I'd never heard of this but your logic seemed sound, so I poked around and found a couple of references to a third derivative test including this:
Note that this only works for "stationary points" and therefore does not apply to all inflection points. Specifically, if f"'(c) = 0, then c may or may not be an inflection point.
For an example:
f(x) = x⁶ + 6x⁵
f'(x) = 6x⁴(5 + x)
f"(x) = 30x³(4 + x)
f'"(x) = 120x²(3 + x)
At x = 0 all of these functions including the third derivative equal zero, however x=0 is an inflection point, as you can see if you look at the graphs:
And it turns out this has been discussed elsewhere:
- can you have more than one inflection point?(3 votes)
- Certainly. sin(x) and cos(x) both have infinitely many inflection points.(5 votes)
- I am confused.
I graphed this function in desmos. The graph looks like a quadratic function. Concave upward centred at 0.
Which means slope change sign after 0. left side is - right side is +. Am I right?
It is a conflict explanation which Sal mentioned.
Can you explain, please?(3 votes)
- Sal said that the function has no point of inflection, which is where the concavity of the function changes. As you observe, the function is concave up everywhere, i.e. the concavity doesn't change.(5 votes)
- Does anyone know whether there is a purpose to the use of a sample x value to establish the sign of a derivative for each interval? One value together with the multiplicity of the zeros should be enough.
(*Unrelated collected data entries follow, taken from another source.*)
definition Lambda_set :: "'a topology \<Rightarrow> 'a set \<Rightarrow> bool" where
  "Lambda_set X L \<longleftrightarrow> (\<exists>\<U>. (\<forall>U\<in>\<U>. openin X U) \<and> L = topspace X \<inter> \<Inter>\<U>)"

definition lambda_closed :: "'a topology \<Rightarrow> 'a set \<Rightarrow> bool" where
  "lambda_closed X A \<longleftrightarrow> (\<exists>L C. Lambda_set X L \<and> closedin X C \<and> A = L \<inter> C)"

definition weakly_Hausdorff_space :: "'a topology \<Rightarrow> bool" where
  "weakly_Hausdorff_space X \<longleftrightarrow> (\<forall>x\<in>topspace X. delta_closed X {x})"

end

theory Submission
  imports Defs
begin

(* A point outside a compact set K is separated from each point of K; finitely many of the
   neighbourhoods of points of K cover K, and the intersection of the corresponding
   neighbourhoods of the point is separated from their union.  This gives (i) to (iii), where
   for (i) one needs that finite intersections and unions of cozero sets are cozero sets.
   Conversely, singletons are compact, and closedness of the complement of a point in each of
   these senses is exactly the separation of that point from all others.  For (v) to (vii) the
   compact sets of cardinality at most one are the empty set and the singletons. *)

(* S is the class of admissible neighbourhoods (open sets, or cozero sets) and sep the required
   separation of a neighbourhood of x from one of a point of K (disjointness, or disjointness of
   closures). *)
lemma compactin_separation_from_point:
  assumes K: "compactin X K" and x: "x \<in> topspace X"
    and S_openin: "\<And>V. S V \<Longrightarrow> openin X V"
    and S_topspace: "S (topspace X)" and S_empty: "S {}"
    and S_Int: "\<And>U V. S U \<Longrightarrow> S V \<Longrightarrow> S (U \<inter> V)"
    and S_Un: "\<And>U V. S U \<Longrightarrow> S V \<Longrightarrow> S (U \<union> V)"
    and sep_empty: "\<And>U. sep U {}"
    and sep_antimono: "\<And>U U' V. sep U V \<Longrightarrow> U' \<subseteq> U \<Longrightarrow> sep U' V"
    and sep_Un: "\<And>U V V'. sep U V \<Longrightarrow> sep U V' \<Longrightarrow> sep U (V \<union> V')"
    and sep_points: "\<And>y. y \<in> K \<Longrightarrow> \<exists>U V. S U \<and> S V \<and> x \<in> U \<and> y \<in> V \<and> sep U V"
  shows "\<exists>U W. S U \<and> S W \<and> x \<in> U \<and> K \<subseteq> W \<and> sep U W"
proof -
  define \<V> where "\<V> = {V. S V \<and> (\<exists>U. S U \<and> x \<in> U \<and> sep U V)}"
  have \<V>_openin: "\<And>V. V \<in> \<V> \<Longrightarrow> openin X V"
    using S_openin unfolding \<V>_def by blast
  have K_cover: "K \<subseteq> \<Union>\<V>"
  proof
    fix y
    assume "y \<in> K"
    then obtain U V where "S U" "S V" "x \<in> U" "y \<in> V" "sep U V"
      using sep_points by blast
    then show "y \<in> \<Union>\<V>"
      unfolding \<V>_def by blast
  qed
  obtain \<F> where \<F>: "finite \<F>" "\<F> \<subseteq> \<V>" "K \<subseteq> \<Union>\<F>"
    using compactinD[OF K \<V>_openin K_cover] by blast
  have "\<exists>U. S U \<and> x \<in> U \<and> S (\<Union>\<F>) \<and> sep U (\<Union>\<F>)"
    using \<F>(1,2)
  proof (induction \<F> rule: finite_induct)
    case empty
    show ?case
      using S_topspace S_empty sep_empty x by auto
  next
    case (insert V \<F>)
    then obtain U where U: "S U" "x \<in> U" "S (\<Union>\<F>)" "sep U (\<Union>\<F>)"
      by auto
    obtain U' where U': "S U'" "x \<in> U'" "S V" "sep U' V"
      using insert.prems unfolding \<V>_def by auto
    have "sep (U' \<inter> U) (V \<union> \<Union>\<F>)"
      by (rule sep_Un[OF sep_antimono[OF U'(4)] sep_antimono[OF U(4)]]) auto
    then show ?case
      using U U' S_Int S_Un by (intro exI[of _ "U' \<inter> U"]) auto
  qed
  then show ?thesis
    using \<F>(3) by blast
qed

lemma cozero_set_topspace: "cozero_set X (topspace X)"
  unfolding cozero_set_def by (intro exI[of _ "\<lambda>x. 1"]) auto

lemma cozero_set_empty: "cozero_set X {}"
  unfolding cozero_set_def by (intro exI[of _ "\<lambda>x. 0"]) auto

lemma cozero_set_Int:
  assumes "cozero_set X A" "cozero_set X B"
  shows "cozero_set X (A \<inter> B)"
proof -
  obtain f g where "continuous_map X euclideanreal f" "A = {x \<in> topspace X. f x \<noteq> 0}"
    and "continuous_map X euclideanreal g" "B = {x \<in> topspace X. g x \<noteq> 0}"
    using assms unfolding cozero_set_def by blast
  then show ?thesis
    unfolding cozero_set_def
    by (intro exI[of _ "\<lambda>x. f x * g x"]) (auto intro: continuous_map_real_mult)
qed

lemma cozero_set_Un:
  assumes "cozero_set X A" "cozero_set X B"
  shows "cozero_set X (A \<union> B)"
proof -
  obtain f g where "continuous_map X euclideanreal f" "A = {x \<in> topspace X. f x \<noteq> 0}"
    and "continuous_map X euclideanreal g" "B = {x \<in> topspace X. g x \<noteq> 0}"
    using assms unfolding cozero_set_def by blast
  moreover have "\<And>x. \<bar>f x\<bar> + \<bar>g x\<bar> \<noteq> 0 \<longleftrightarrow> f x \<noteq> 0 \<or> g x \<noteq> 0"
    by auto
  ultimately show ?thesis
    unfolding cozero_set_def
    by (intro exI[of _ "\<lambda>x. \<bar>f x\<bar> + \<bar>g x\<bar>"])
      (auto intro!: continuous_map_add continuous_map_real_abs)
qed

lemma openin_cozero_set:
  assumes "cozero_set X C"
  shows "openin X C"
proof -
  obtain f where f: "continuous_map X euclideanreal f" and C: "C = {x \<in> topspace X. f x \<in> - {0}}"
    using assms unfolding cozero_set_def by auto
  show ?thesis
    unfolding C by (rule openin_continuous_map_preimage[OF f]) auto
qed

lemma zero_set_topspace_Diff: "cozero_set X C \<Longrightarrow> zero_set X (topspace X - C)"
  unfolding cozero_set_def zero_set_def by auto

lemma cozero_set_topspace_Diff: "zero_set X Z \<Longrightarrow> cozero_set X (topspace X - Z)"
  unfolding cozero_set_def zero_set_def by auto

lemma compactin_imp_zero_closed:
  assumes CH: "completely_Hausdorff_space X" and K: "compactin X K"
  shows "zero_closed X K"
  unfolding zero_closed_def zero_open_def
proof (intro conjI ballI)
  show K_sub: "K \<subseteq> topspace X"
    using K by (rule compactin_subset_topspace)
  fix x
  assume x: "x \<in> topspace X - K"
  have sep_points: "\<exists>U V. cozero_set X U \<and> cozero_set X V \<and> x \<in> U \<and> y \<in> V \<and> disjnt U V"
    if "y \<in> K" for y
  proof -
    have "x \<in> topspace X" "y \<in> topspace X" "x \<noteq> y"
      using x that K_sub by auto
    then show ?thesis
      using CH unfolding completely_Hausdorff_space_def by blast
  qed
  have "\<exists>U W. cozero_set X U \<and> cozero_set X W \<and> x \<in> U \<and> K \<subseteq> W \<and> disjnt U W"
    by (rule compactin_separation_from_point[OF K, where S = "cozero_set X" and sep = disjnt])
      (use x sep_points in \<open>auto simp: openin_cozero_set cozero_set_topspace cozero_set_empty
        cozero_set_Int cozero_set_Un disjnt_iff\<close>)
  then obtain U W where "cozero_set X U" "cozero_set X W" "x \<in> U" "K \<subseteq> W" "disjnt U W"
    by blast
  moreover have "U \<subseteq> topspace X"
    using openin_subset[OF openin_cozero_set[OF \<open>cozero_set X U\<close>]] .
  ultimately show "\<exists>Z C. zero_set X Z \<and> cozero_set X C \<and> x \<in> C \<and> C \<subseteq> Z \<and> Z \<subseteq> topspace X - K"
    by (intro exI[of _ "topspace X - W"] exI[of _ U])
      (auto simp: zero_set_topspace_Diff disjnt_iff)
qed simp

lemma zero_closed_sing_imp_completely_Hausdorff_space:
  assumes "\<And>y. y \<in> topspace X \<Longrightarrow> zero_closed X {y}"
  shows "completely_Hausdorff_space X"
  unfolding completely_Hausdorff_space_def
proof (intro ballI impI)
  fix x y
  assume x: "x \<in> topspace X" and y: "y \<in> topspace X" and "x \<noteq> y"
  then obtain Z C where "zero_set X Z" "cozero_set X C" "x \<in> C" "C \<subseteq> Z" "Z \<subseteq> topspace X - {y}"
    using assms[OF y] unfolding zero_closed_def zero_open_def by blast
  then show "\<exists>U V. cozero_set X U \<and> cozero_set X V \<and> x \<in> U \<and> y \<in> V \<and> disjnt U V"
    using y by (intro exI[of _ C] exI[of _ "topspace X - Z"])
      (auto simp: cozero_set_topspace_Diff disjnt_iff)
qed

lemma completely_Hausdorff_space_iff_compactin_zero_closed:
  "completely_Hausdorff_space X \<longleftrightarrow> (\<forall>K. compactin X K \<longrightarrow> zero_closed X K)"
proof (intro iffI allI impI)
  show "zero_closed X K" if "completely_Hausdorff_space X" "compactin X K" for K
    using that by (rule compactin_imp_zero_closed)
next
  assume "\<forall>K. compactin X K \<longrightarrow> zero_closed X K"
  then show "completely_Hausdorff_space X"
    by (intro zero_closed_sing_imp_completely_Hausdorff_space) simp
qed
In this case I would not gave gone beyond the perfect square of x - 4. Initially I considered the didactic reasoning of explicitly confirming the sign for each interval, but given the numerous examples without any mentioning of multiplicity I am starting to wonder whether I am missing something.(3 votes)
- The multiplicity is an interesting point.
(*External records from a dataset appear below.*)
section \<open>Sums of Gaussian coordinates\<close>

lemma gaussian_nn_integral_sum:
  fixes G :: "complex \<Rightarrow> ennreal"
  assumes "finite V" "V \<noteq> {}" "G \<in> borel_measurable borel"
  shows "(\<integral>\<^sup>+c. ennreal (exp (- sqnorm V c)) * G (\<Sum>v\<in>V. c v) \<partial>PiC V)
       = ennreal (pi ^ (card V - 1)) * (\<integral>\<^sup>+w. ennreal (exp (- (cmod w)\<^sup>2)) * G (sqrt (card V) *\<^sub>R w) \<partial>lborel)"
  using assms
proof (induction V arbitrary: G rule: finite_ne_induct)
  case (singleton v)
  note [measurable] = singleton
  have "(\<integral>\<^sup>+c. ennreal (exp (- sqnorm {v} c)) * G (\<Sum>v\<in>{v}. c v) \<partial>PiC {v})
      = (\<integral>\<^sup>+c. (\<lambda>z. ennreal (exp (- (cmod z)\<^sup>2)) * G z) (c v) \<partial>PiC {v})"
    by (simp add: sqnorm_def)
  also have "\<dots> = (\<integral>\<^sup>+z. ennreal (exp (- (cmod z)\<^sup>2)) * G z \<partial>lborel)"
    by (rule lborel_complex.product_nn_integral_singleton) measurable
  finally show ?case
    by simp
next
  case (insert v0 V)
  note [measurable] = insert.prems
  define k where "k = card V"
  have k: "k \<ge> 1" "card (insert v0 V) = Suc k"
    using insert.hyps by (simp_all add: k_def Suc_le_eq card_gt_0_iff)
  have "(\<Sum>v\<in>insert v0 V. (z(v0 := w)) v) = (\<Sum>v\<in>V. z v) + w" for z :: "'a \<Rightarrow> complex" and w
    using insert.hyps by (simp add: add.commute) (rule sum.cong, auto)
  then have "(\<integral>\<^sup>+c. ennreal (exp (- sqnorm (insert v0 V) c)) * G (\<Sum>v\<in>insert v0 V. c v) \<partial>PiC (insert v0 V))
      = (\<integral>\<^sup>+w. ennreal (exp (- (cmod w)\<^sup>2)) *
           (\<integral>\<^sup>+z. ennreal (exp (- sqnorm V z)) * (\<lambda>u. G (u + w)) (\<Sum>v\<in>V. z v) \<partial>PiC V) \<partial>lborel)"
    using insert.hyps by (simp add: gaussian_nn_integral_insert add.commute)
  also have "\<dots> = (\<integral>\<^sup>+w. ennreal (pi ^ (k - 1)) *
           (\<integral>\<^sup>+u. ennreal (exp (- (cmod w)\<^sup>2 - (cmod u)\<^sup>2)) * G (sqrt k *\<^sub>R u + w) \<partial>lborel) \<partial>lborel)"
  proof (rule nn_integral_cong)
    fix w :: complex
    have "(\<lambda>u. G (u + w)) \<in> borel_measurable borel"
      by measurable
    then have "(\<integral>\<^sup>+z. ennreal (exp (- sqnorm V z)) * G ((\<Sum>v\<in>V. z v) + w) \<partial>PiC V)
        = ennreal (pi ^ (k - 1)) * (\<integral>\<^sup>+u. ennreal (exp (- (cmod u)\<^sup>2)) * G (sqrt k *\<^sub>R u + w) \<partial>lborel)"
      using insert.IH[of "\<lambda>u. G (u + w)"] by (simp add: k_def)
    moreover have "ennreal (exp (- (cmod w)\<^sup>2)) * (\<integral>\<^sup>+u. ennreal (exp (- (cmod u)\<^sup>2)) * G (sqrt k *\<^sub>R u + w) \<partial>lborel)
        = (\<integral>\<^sup>+u. ennreal (exp (- (cmod w)\<^sup>2 - (cmod u)\<^sup>2)) * G (sqrt k *\<^sub>R u + w) \<partial>lborel)"
      by (simp add: nn_integral_cmult[symmetric] exp_diff ennreal_mult divide_inverse exp_minus mult.assoc)
    ultimately show "ennreal (exp (- (cmod w)\<^sup>2)) *
        (\<integral>\<^sup>+z. ennreal (exp (- sqnorm V z)) * (\<lambda>u. G (u + w)) (\<Sum>v\<in>V. z v) \<partial>PiC V)
      = ennreal (pi ^ (k - 1)) *
        (\<integral>\<^sup>+u. ennreal (exp (- (cmod w)\<^sup>2 - (cmod u)\<^sup>2)) * G (sqrt k *\<^sub>R u + w) \<partial>lborel)"
      by (simp add: mult.left_commute)
  qed
  also have "\<dots> = ennreal (pi ^ (k - 1)) * (ennreal pi *
           (\<integral>\<^sup>+u. ennreal (exp (- (cmod u)\<^sup>2)) * G (sqrt ((sqrt k)\<^sup>2 + 1) *\<^sub>R u) \<partial>lborel))"
    by (simp add: nn_integral_cmult gaussian_nn_integral_sum2)
  finally show ?case
    using k by (cases k) (simp_all add: mult.assoc[symmetric] ennreal_mult[symmetric] add.commute mult.commute)
qed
Correct me if I'm wrong, but I believe that a factor of f''(x) with multiplicity k, or (x - c)^k, will touch but not cross the x-axis with even k, and cross the x-axis with odd k.
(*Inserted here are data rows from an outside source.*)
lemma qp_subset: "\<delta> A B \<Longrightarrow> A \<subseteq> X \<and> B \<subseteq> X"
  using qp_axioms[THEN conjunct1] by blast

lemma qp_Un_right: "A \<subseteq> X \<Longrightarrow> B \<subseteq> X \<Longrightarrow> C \<subseteq> X \<Longrightarrow> \<delta> A (B \<union> C) \<longleftrightarrow> \<delta> A B \<or> \<delta> A C"
  using qp_axioms[THEN conjunct2, THEN conjunct1] by blast

lemma qp_Un_left: "A \<subseteq> X \<Longrightarrow> B \<subseteq> X \<Longrightarrow> C \<subseteq> X \<Longrightarrow> \<delta> (A \<union> B) C \<longleftrightarrow> \<delta> A C \<or> \<delta> B C"
  using qp_axioms[THEN conjunct2, THEN conjunct1] by blast

lemma qp_nonempty: "\<delta> A B \<Longrightarrow> A \<noteq> {} \<and> B \<noteq> {}"
  using qp_axioms[THEN conjunct2, THEN conjunct2, THEN conjunct1] by blast

lemma qp_Int: "A \<subseteq> X \<Longrightarrow> B \<subseteq> X \<Longrightarrow> A \<inter> B \<noteq> {} \<Longrightarrow> \<delta> A B"
  using qp_axioms[THEN conjunct2, THEN conjunct2, THEN conjunct2, THEN conjunct1] by blast

lemma qp_mono: "\<delta> A B \<Longrightarrow> A \<subseteq> A' \<Longrightarrow> A' \<subseteq> X \<Longrightarrow> B \<subseteq> B' \<Longrightarrow> B' \<subseteq> X \<Longrightarrow> \<delta> A' B'"
proof -
  assume "\<delta> A B" "A \<subseteq> A'" "A' \<subseteq> X" "B \<subseteq> B'" "B' \<subseteq> X"
  moreover from this have "\<delta> A' B"
    using qp_Un_left[of A A' B] qp_subset by (auto simp: subset_Un_eq)
  ultimately show "\<delta> A' B'"
    using qp_Un_right[of A' B B'] qp_subset by (auto simp: subset_Un_eq)
qed

lemma far_if_disjoint_S_ent_Inter:
  assumes "finite F" "F \<subseteq> far_pairs X \<delta>"
  shows "A \<subseteq> X \<Longrightarrow> B \<subseteq> X \<Longrightarrow> (A \<times> B) \<inter> S_ent_Inter X F = {} \<Longrightarrow> \<not> \<delta> A B"
  using assms
proof (induction F arbitrary: A B rule: finite_induct)
  case empty
  then have "A = {} \<or> B = {}"
    unfolding S_ent_Inter_def by auto
  then show ?case
    using qp_nonempty by auto
next
  case (insert p F)
  obtain A' B' where p: "p = (A', B')" by (cases p)
  have far: "A' \<subseteq> X" "B' \<subseteq> X" "\<not> \<delta> A' B'" and F: "F \<subseteq> far_pairs X \<delta>"
    using insert.prems(4) by (auto simp: p)
  have "(A \<times> B) \<inter> S_ent_Inter X F \<subseteq> A' \<times> B'"
    using insert.prems(3) by (auto simp: mem_S_ent_Inter p)
  \<comment> \<open>split A along A' and B along B': only the corner inside A' \<times> B' escapes the IH\<close>
  then have "\<not> \<delta> (A - A') B" "\<not> \<delta> (A \<inter> A') (B - B')"
    using insert.prems(1,2) by (intro insert.IH[OF _ _ _ F]; blast)+
  moreover have "\<not> \<delta> (A \<inter> A') (B \<inter> B')"
    using far(3) qp_mono[OF _ Int_lower2 far(1) Int_lower2 far(2)] by blast
  moreover have "A \<inter> A' \<subseteq> X" "A - A' \<subseteq> X" "B - B' \<subseteq> X" "B \<inter> B' \<subseteq> X"
    using insert.prems(1,2) by blast+
  ultimately have "\<not> \<delta> (A \<inter> A') B"
    using qp_Un_right[of "A \<inter> A'" "B - B'" "B \<inter> B'"] insert.prems(1,2) by (simp add: Un_Diff_Int)
  then show ?case
    using \<open>\<not> \<delta> (A - A') B\<close> \<open>A \<inter> A' \<subseteq> X\<close> \<open>A - A' \<subseteq> X\<close> insert.prems(2)
      qp_Un_left[of "A - A'" "A \<inter> A'" B]
    by (simp add: Un_Diff_Int)
qed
Thus, if (x - c)^k where k is even is a factor of f''(x), then there is no inflection point at x = c.
However, Sal simply needs to provide a general solution to deal with all types of functions, not just relatively simpler polynomial functions, so the zeros of f''(x) are found, and the intervals are tested, simply because it is easier to analyze all sorts of matters, like intervals of increase/decrease, global/local extrema, concavity, inflection points, etc. if the derivatives' signs are found.
Hope that I helped.(4 votes)
- Let's say that we have the second derivative of a function, and it has many roots.
I have noticed that if a root appears an even number of times (ex: double root), then the original function (f(x)) does not change concavity at the point, but if it appears an odd number of times, then the original function does change concavity.
For example, if f''(x)=x^4*(x-3)^3*(x-5)^2*(x-1), then the original function will change concavity at x=3 and x=1, but not at x=0 or x=5.
Does this method always work, and if so, then why? Because if it does work, one does not need to analyze where the second derivative is positive and negative to find inflection points, but only needs to count how many times each root appears.(2 votes)
- Remember that concavity relates directly to the sign (positive or negative) of the second derivative. In your example, notice what happens when we nudge the x-value through x=3 or through x=5.
If x is slightly less than 3, then (x-3) is negative, and so is (x-3)³. Then we pass through x=3 and get a second derivative of 0, and then x is slightly greater than 3, so x-3 is positive. Notice also that none of the other factors affect the sign change so long as we're in the vicinity of x=3.
On the other hand, (x-5)² is always positive or 0, so it doesn't affect the sign of the second derivative at all. This corresponds exactly to your observation.
So what you've discovered is a nice trick that works when the second derivative is a polynomial that factors completely over the real numbers (no complex roots), as in your example.(4 votes)
- HELP! Below I said... Where f(x)= 1/12x^4 -1/3x^3 +1/2x^2 ==> f " (x)= x^2 -2x +x = (x-1)(x-1). No inflection point. For any polynomial in two coordinate space where the solution for x is two integers of the same value and the same sign and there are no other solutions, there is no value for x for which the graph of the function has an inflection point. That's so cool! Is this called a rule or a theorem? What's it's name?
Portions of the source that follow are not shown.